Polls show that there has been a steady decline in trust and satisfaction with the government as the population's expectations for good governance have not been met.4 Insecurities explain local animosity towards the state, as well as growing violence and the proliferation of non-state actors including Islamist parties, self-defence groups, and armed militias. All these factors interact across time and space to produce an extremely complex and interconnected conflict environment. These findings posit the following questions: what role do non-state actors, specifically Islamist parties, play in destabilizing the socio-political landscape of the Sahel? In what ways do locals partake in or become victims of non-state violence? What do these interactions look like at a regional level and a state level? In this paper, I will evaluate the forces of non-state actors in the Sahel region, using Burkina Faso as a case study.



Conflict in The Sahel

In this paper, I focus primarily on Burkina Faso, Niger, and Mali. However, it must be noted that the Sahel region itself cannot be demarcated by state borders; it is a space that reflects the conditions on the ground and is constantly expanding and shrinking as the socio-political and economic landscapes change. The Sahel conflict is extremely complex and stems from a combination of poor state capacity, political upheaval, and economic instability which only exacerbated pre-existing structural and environmental inequities. Over the past decade, this has led to the mobilization of insurgent groups across borders, involving both state and non-state actors including Islamist groups, self-defence militias, state security forces, and international security forces. We are now seeing new, fluid power networks that challenge and replace existing systems of governance which have fueled a robust intra-regional conflict.
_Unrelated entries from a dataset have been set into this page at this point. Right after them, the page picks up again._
lemma associated_proc_increment_uniformly_small:
  fixes Z \<zeta> :: "real \<Rightarrow> 'a \<Rightarrow> real" and X :: "real \<Rightarrow> 'b \<Rightarrow> real"
  assumes "prob_space M" "prob_space N" "0 < \<kappa>" "is_process M Z" "cadlag M Z"
    and "subordinator M \<zeta>" "laplace_exponent M \<zeta> \<psi>"
    and "is_process N X" "associated_proc M \<kappa> Z \<zeta> N X" "0 < c" "0 < \<eta>"
  obtains d where "0 < d"
    "\<And>s t. 0 < s \<Longrightarrow> s \<le> t \<Longrightarrow> t \<le> T \<Longrightarrow> ln t - ln s < d \<Longrightarrow> t powr \<kappa> - s powr \<kappa> < d
       \<Longrightarrow> measure N {\<omega>\<in>space N. c < \<bar>X t \<omega> - X s \<omega>\<bar>} < \<eta>"
proof -
  interpret M: prob_space M by fact
  have Z1: "Z 1 \<in> borel_measurable M" using assms(4) unfolding is_process_def by auto
  then obtain K :: nat where K: "measure M {\<omega>\<in>space M. real K < \<bar>Z 1 \<omega>\<bar>} < \<eta> / 4"
    using M.ex_measure_abs_greater_less[of "Z 1" "\<eta> / 4"] \<open>0 < \<eta>\<close> by auto
  define C where "C = T powr \<kappa>"
  define e where "e = (c / 3) / (C + 1)"
  have "0 < e" unfolding e_def C_def using \<open>0 < c\<close> by (simp add: add_nonneg_pos)
  have "C * e < c / 3"
    unfolding e_def C_def using \<open>0 < c\<close> by (intro mult_divide_add_one_less) auto
  obtain \<delta> B where "0 < \<delta>" "B \<in> sets M" "measure M B < \<eta> / 4"
      and near_1: "\<And>\<omega> x. \<omega> \<in> space M - B \<Longrightarrow> 1 \<le> x \<Longrightarrow> x < 1 + \<delta> \<Longrightarrow> \<bar>Z x \<omega> - Z 1 \<omega>\<bar> \<le> e"
  proof (rule right_continuous_process_uniform_off_small_set[of M 1 Z e "\<eta> / 4"])
    show "Z t \<in> borel_measurable M" if "1 \<le> t" for t
      using assms(4) that unfolding is_process_def by auto
    show "continuous (at_right t) (\<lambda>s. Z s \<omega>)" if "\<omega> \<in> space M" "1 \<le> t" for \<omega> t
      using assms(5) that unfolding cadlag_def by auto
  qed (use M.finite_measure_axioms \<open>0 < e\<close> \<open>0 < \<eta>\<close> in auto)
  define \<rho> where "\<rho> = min (ln (1 + \<delta>)) ((c / 3) / (C * \<kappa> * K + 1))"
  have "0 \<le> C * \<kappa> * K" unfolding C_def using assms(3) by simp
  then have "0 < \<rho>" unfolding \<rho>_def using \<open>0 < \<delta>\<close> \<open>0 < c\<close> by simp
  have "\<rho> \<le> ln (1 + \<delta>)" unfolding \<rho>_def by simp
  then have "exp \<rho> \<le> 1 + \<delta>"
    using \<open>0 < \<delta>\<close> by (metis add_pos_pos exp_le_cancel_iff exp_ln zero_less_one)
  have "C * \<kappa> * \<rho> * K \<le> c / 3"
  proof -
    have "\<rho> \<le> (c / 3) / (C * \<kappa> * K + 1)" unfolding \<rho>_def by simp
    then have "(C * \<kappa> * K) * \<rho> \<le> (C * \<kappa> * K) * ((c / 3) / (C * \<kappa> * K + 1))"
      using \<open>0 \<le> C * \<kappa> * K\<close> by (rule mult_left_mono)
    then have "C * \<kappa> * \<rho> * K \<le> (C * \<kappa> * K) * ((c / 3) / (C * \<kappa> * K + 1))"
      by (simp add: algebra_simps)
    also have "\<dots> < c / 3" using \<open>0 \<le> C * \<kappa> * K\<close> \<open>0 < c\<close> by (intro mult_divide_add_one_less) auto
    finally show ?thesis by simp
  qed
  define D where "D = 1 - exp (- \<kappa> * \<rho>)"
  have "0 < D" unfolding D_def using \<open>0 < \<rho>\<close> assms(3) by simp
  define d where "d = min (\<eta> * D / (4 * (\<bar>\<psi> \<kappa>\<bar> + 1))) ((c / 3) / (real K + 1))"
  show thesis
  proof (rule that)
    show "0 < d" unfolding d_def using \<open>0 < D\<close> \<open>0 < \<eta>\<close> \<open>0 < c\<close> by simp
    fix s t assume st: "0 < s" "s \<le> t" "t \<le> T" "ln t - ln s < d" "t powr \<kappa> - s powr \<kappa> < d"
    have "\<bar>t powr \<kappa> - s powr \<kappa>\<bar> * K \<le> c / 3"
    proof -
      have "\<bar>t powr \<kappa> - s powr \<kappa>\<bar> \<le> (c / 3) / (real K + 1)"
        using st(1,2,5) assms(3) powr_mono2[of \<kappa> s t] unfolding d_def by simp
      then have "\<bar>t powr \<kappa> - s powr \<kappa>\<bar> * K \<le> K * ((c / 3) / (real K + 1))"
        by (subst mult.commute) (rule mult_left_mono, simp_all)
      also have "\<dots> < c / 3" using \<open>0 < c\<close> by (intro mult_divide_add_one_less) auto
      finally show ?thesis by simp
    qed
    then have "measure N {\<omega>\<in>space N. c < \<bar>X t \<omega> - X s \<omega>\<bar>}
        \<le> measure M {\<omega>\<in>space M. real K < \<bar>Z 1 \<omega>\<bar>} + measure M B
          + measure M {\<omega>\<in>space M. \<rho> \<le> \<zeta> (ln t - ln s) \<omega>}"
      using assms(1-3) Z1 assms(6,8,9) st(1,2) \<open>B \<in> sets M\<close> \<open>C * e < c / 3\<close>
        \<open>C * \<kappa> * \<rho> * K \<le> c / 3\<close> \<open>exp \<rho> \<le> 1 + \<delta>\<close> near_1 st(3) assms(3)
      by (intro associated_proc_increment_le[where C=C and e=e]) (auto simp: C_def powr_mono2)
    moreover have "measure M {\<omega>\<in>space M. \<rho> \<le> \<zeta> (ln t - ln s) \<omega>} < \<eta> / 4"
    proof -
      have "measure M {\<omega>\<in>space M. \<rho> \<le> \<zeta> (ln t - ln s) \<omega>} \<le> (ln t - ln s) * \<psi> \<kappa> / D"
        unfolding D_def using assms(1,6,7,3) st(1,2) \<open>0 < \<rho>\<close>
        by (intro subordinator_measure_ge_le) auto
      also have "\<dots> \<le> (ln t - ln s) * (\<bar>\<psi> \<kappa>\<bar> + 1) / D"
        using st(1,2) \<open>0 < D\<close> by (intro divide_right_mono mult_left_mono) auto
      also have "\<dots> < \<eta> / 4"
        using st(4) \<open>0 < D\<close> unfolding d_def by (simp add: field_simps)
      finally show ?thesis .
    qed
    ultimately show "measure N {\<omega>\<in>space N. c < \<bar>X t \<omega> - X s \<omega>\<bar>} < \<eta>"
      using K \<open>measure M B < \<eta> / 4\<close> \<open>0 < \<eta>\<close> by linarith
  qed
qed
lemma wl_indist_permute_gadgets:
  assumes "\<pi> permutes {..<M}"
    and "\<And>j. j < M \<Longrightarrow> regular_gadget (\<Gamma> j)" "\<And>j. j < M \<Longrightarrow> regular_gadget (\<Gamma>' j)"
    and "\<And>j. j < M \<Longrightarrow> \<not> untouched \<sigma> (\<pi> j) \<Longrightarrow> \<Gamma>' j = \<Gamma> (\<pi> j)"
  shows "wl_indist (LCN (gadget_cnf M \<Gamma>) \<sigma>) (LCN (gadget_cnf M \<Gamma>') (permute_gadgets \<pi> \<sigma>))"
  using gadget_cnf_equitable[OF assms(2), where \<sigma> = \<sigma>]
    gadget_cnf_equitable[OF assms(3), where \<sigma> = "permute_gadgets \<pi> \<sigma>"]
    card_cnf_colour_permute_gadgets[where \<Gamma> = \<Gamma> and \<Gamma>' = \<Gamma>' and \<sigma> = \<sigma>, OF assms, symmetric]
  unfolding LCN_eq by (rule wl_indist_if_equitable_colourings)

lemma partial_assignment_permute_gadgets:
  assumes "\<pi> permutes {..<M}" "partial_assignment (gadget_cnf M \<Gamma>) \<sigma>"
  shows "partial_assignment (gadget_cnf M \<Gamma>') (permute_gadgets \<pi> \<sigma>)"
  unfolding partial_assignment_def
proof
  fix i assume "i \<in> dom (permute_gadgets \<pi> \<sigma>)"
  then have "2 * \<pi> (i div 2) + i mod 2 \<in> dom \<sigma>"
    by (simp add: permute_gadgets_def dom_def)
  then have "2 * \<pi> (i div 2) + i mod 2 < 2 * M"
    using assms(2) by (auto simp: partial_assignment_def gadget_cnf_def nvars_def)
  then have "\<pi> (i div 2) < M"
    by linarith
  then have "i div 2 < M"
    using permutes_in_image[OF assms(1)] by simp
  then show "i \<in> {..<nvars (gadget_cnf M \<Gamma>')}"
    by (simp add: gadget_cnf_def nvars_def)
qed

lemma ex_untouched_gadget:
  assumes "finite (dom \<sigma>)" "card (dom \<sigma>) < M"
  obtains j where "j < M" "untouched \<sigma> j"
proof -
  have "\<exists>j<M. untouched \<sigma> j"
  proof (rule ccontr)
    assume all_touched: "\<not> (\<exists>j<M. untouched \<sigma> j)"
    have "{..<M} \<subseteq> (\<lambda>i. i div 2) ` dom \<sigma>"
    proof
      fix j assume "j \<in> {..<M}"
      then have "2 * j \<in> dom \<sigma> \<or> 2 * j + 1 \<in> dom \<sigma>"
        using all_touched by (auto simp: untouched_def)
      moreover have "(2 * j) div 2 = j" "(2 * j + 1) div 2 = j"
        by simp_all
      ultimately show "j \<in> (\<lambda>i. i div 2) ` dom \<sigma>"
        by (metis image_eqI)
    qed
    then have "M \<le> card ((\<lambda>i. i div 2) ` dom \<sigma>)"
      using card_mono[OF finite_imageI[OF assms(1)]] by fastforce
    also have "\<dots> \<le> card (dom \<sigma>)"
      using card_image_le[OF assms(1)] .
    finally show False
      using assms(2) by simp
  qed
  then show ?thesis
    using that by blast
qed

section \<open>The two formulas\<close>

text \<open>The equivalence \<open>x\<^sub>0 \<longleftrightarrow> x\<^sub>1\<close>, padded with two tautologies to make it regular.\<close>

definition sat_gadget :: "clause set" where
  "sat_gadget = {{(0, True), (0, False)}, {(0, False), (1, True)},
                 {(1, True), (1, False)}, {(1, False), (0, True)}}"

definition unsat_gadget :: "clause set" where
  "unsat_gadget = {{(0, True), (1, True)}, {(0, True), (1, False)},
                   {(0, False), (1, True)}, {(0, False), (1, False)}}"

lemma regular_sat_gadget: "regular_gadget sat_gadget"
proof -
  have "{c\<in>sat_gadget. (r, p) \<in> c} =
      (if r = 0 then if p then {{(0, True), (0, False)}, {(1, False), (0, True)}}
                     else {{(0, True), (0, False)}, {(0, False), (1, True)}}
       else if p then {{(0, False), (1, True)}, {(1, True), (1, False)}}
       else {{(1, True), (1, False)}, {(1, False), (0, True)}})" if "r < 2" for r p
    using less_2_cases[OF that] by (cases p) (auto simp: sat_gadget_def)
  then show ?thesis
    by (auto simp: regular_gadget_def sat_gadget_def doubleton_eq_iff)
qed

lemma regular_unsat_gadget: "regular_gadget unsat_gadget"
proof -
  have "{c\<in>unsat_gadget. (r, p) \<in> c} =
      (if r = 0 then {{(0, p), (1, True)}, {(0, p), (1, False)}}
       else {{(0, True), (1, p)}, {(0, False), (1, p)}})" if "r < 2" for r p
    using less_2_cases[OF that] by (cases p) (auto simp: unsat_gadget_def)
  then show ?thesis
    by (auto simp: regular_gadget_def unsat_gadget_def doubleton_eq_iff)
qed

lemma satisfies_sat_gadget: "satisfies (\<lambda>_. True) (2, sat_gadget)"
  by (simp add: satisfies_def clauses_def sat_gadget_def)

lemma not_satisfies_unsat_gadget: "\<not> satisfies \<tau> (2, unsat_gadget)"
  by (cases "\<tau> 0"; cases "\<tau> 1") (auto simp: satisfies_def clauses_def unsat_gadget_def)

lemma satisfies_gadget_cnf_iff:
  "satisfies \<tau> (gadget_cnf M \<Gamma>) \<longleftrightarrow> (\<forall>j<M. satisfies (\<lambda>i. \<tau> (2 * j + i)) (2, \<Gamma> j))"
  by (auto simp: satisfies_def gadget_cnf_def clauses_def shift_clause_def shift_lit_def)

lemma is_3sat_gadget_cnf:
  assumes "\<And>j. j < M \<Longrightarrow> regular_gadget (\<Gamma> j)"
  shows "is_3sat (gadget_cnf M \<Gamma>)"
proof -
  have "card (shift_clause j c) = card c" for j c
    by (simp add: shift_clause_def card_image inj_on_def shift_lit_def prod_eq_iff)
  moreover have "finite (\<Gamma> j)" if "j < M" for j
    using assms[OF that] by (simp add: regular_gadget_def card_ge_0_finite)
  ultimately show ?thesis
    using assms by (fastforce simp: is_3sat_def wf_cnf_def regular_gadget_def gadget_cnf_def
        nvars_def clauses_def shift_clause_def shift_lit_def)
qed

definition sat_cnf :: "nat \<Rightarrow> cnf" where
  "sat_cnf M = gadget_cnf M (\<lambda>_. sat_gadget)"

definition unsat_cnf :: "nat \<Rightarrow> cnf" where
  "unsat_cnf M = gadget_cnf M (\<lambda>j. if j = 0 then unsat_gadget else sat_gadget)"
The fall of the Gaddafi regime in Libya in 2011 is widely acknowledged as the impetus for the regional conflict. The state's political upheaval encouraged Tuareg and Arab militias to seize resources and return to Mali with a new supply of weapons. In January 2012, leaders started capitalizing on their shared Tuareg ethnicity to mobilize masses against the government resulting in a rebellion against security forces led by Tuareg rebels in northern Mali. This power vacuum enabled Islamist groups, like Ansar Dine, to join rebels with the mission of overthrowing the government. Islamist insurgent groups were now active in Mali's security arena and would later start to challenge the authority of Tuareg rebels, initiating political instability that exists to this day.



Non-State Actors

Armed non-state actors (NSAs) have become key actors in contemporary armed conflicts. NSAs hold an increasingly significant role in instigating violence and conflict in the Sahel region. This has prompted greater discussion around who non-state actors are, what their functions are, and how they mobilize support in areas of conflict. It must be noted that human rights violations are committed by both state and non-state actors. However, the focus here is on non-state actors given their perhaps unexpected, but important, relevance in the Sahel.



Islamist Extremist Groups

Non-state actors encompass a wide range of organizations and individuals not affiliated with the government including corporations, private institutions, NGOs, as well as paramilitary and armed resistance groups. Our particular focus is on violent non-state actors identified as 'Islamist extremist groups'. The Islamic State, al-Qaeda-affiliated groups, Boko Haram, and other extremist movements played an instrumental role in the geopolitical upheaval across the Middle East and are now an emerging threat within the Sahel. In recent years, the Sahel has seen a surge in activity by armed Islamist extremists. Islamist non-state insurgent groups have acquired power at a rapid rate, making them an actor of particular interest when studying conflict dynamics.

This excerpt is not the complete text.